### AVAILABLE DATA
········
theorem mainTheorem7:
  fixes V :: "'a set" and f :: "'a set \<Rightarrow> real" and k :: nat
    and es :: "'a list" and D Ostar :: "'a set"
  assumes fin: "finite V"
    and mono: "monotone_sf V f" and sub: "submodular V f" and nn: "normalized_nonneg V f"
    and kpos: "0 < k" and kn: "k \<le> card V"
    and order: "distinct es" "set es = V"
    and Ddense: "dense V f k D"
    and Osub: "Ostar \<subseteq> V" and Ocard: "card Ostar \<le> k" and Oopt: "f Ostar = OPT V f k"
    and c1: "real (card (left_part es D)) \<le> 0.95 * eta * real k"
    and c2: "f (left_part es D) \<ge> 0.85 * f D"
    and c3: "real (card (right_part es Ostar)) \<le> 0.15 * real k"
    and c4: "marg f (right_part es Ostar) D \<ge> 0.05 * marg f Ostar D"
  shows "f (algorithm1 f k (OPT V f k) es) \<ge> 0.50025 * OPT V f k"
proof -
  \<comment> \<open>finite V follows from set es = V.\<close>
  interpret algorithm1_stream V f k es
    using mono sub nn kpos order(2) by unfold_locales
  have "0 \<le> f result"
    using nn run_subset[of "length es"] by (simp add: result_eq_run normalized_nonneg_def)
  moreover have "card result \<le> k"
    by (simp add: result_eq_run card_alg1_run_le)
  ultimately consider "opt = 0" | "0 < opt" "card result = k" | "0 < opt" "card result < k"
    using opt_nonneg by linarith
  then show ?thesis
  proof cases
    case 1
    then show ?thesis using \<open>0 \<le> f result\<close> by simp
  next
    case 2
    then show ?thesis using result_value_if_full[OF Ddense c1 c2] by blast
  next
    case 3
    then show ?thesis using result_value_if_not_full[OF Ddense Osub Oopt c1 c3 c4] by blast
  qed
qed

end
········
### WORK TASK
Copy, from the material above, each line in which the string "finite" occurs.

### EXERCISE OUTPUT
  assumes fin: "finite V"
  \<comment> \<open>finite V follows from set es = V.\<close>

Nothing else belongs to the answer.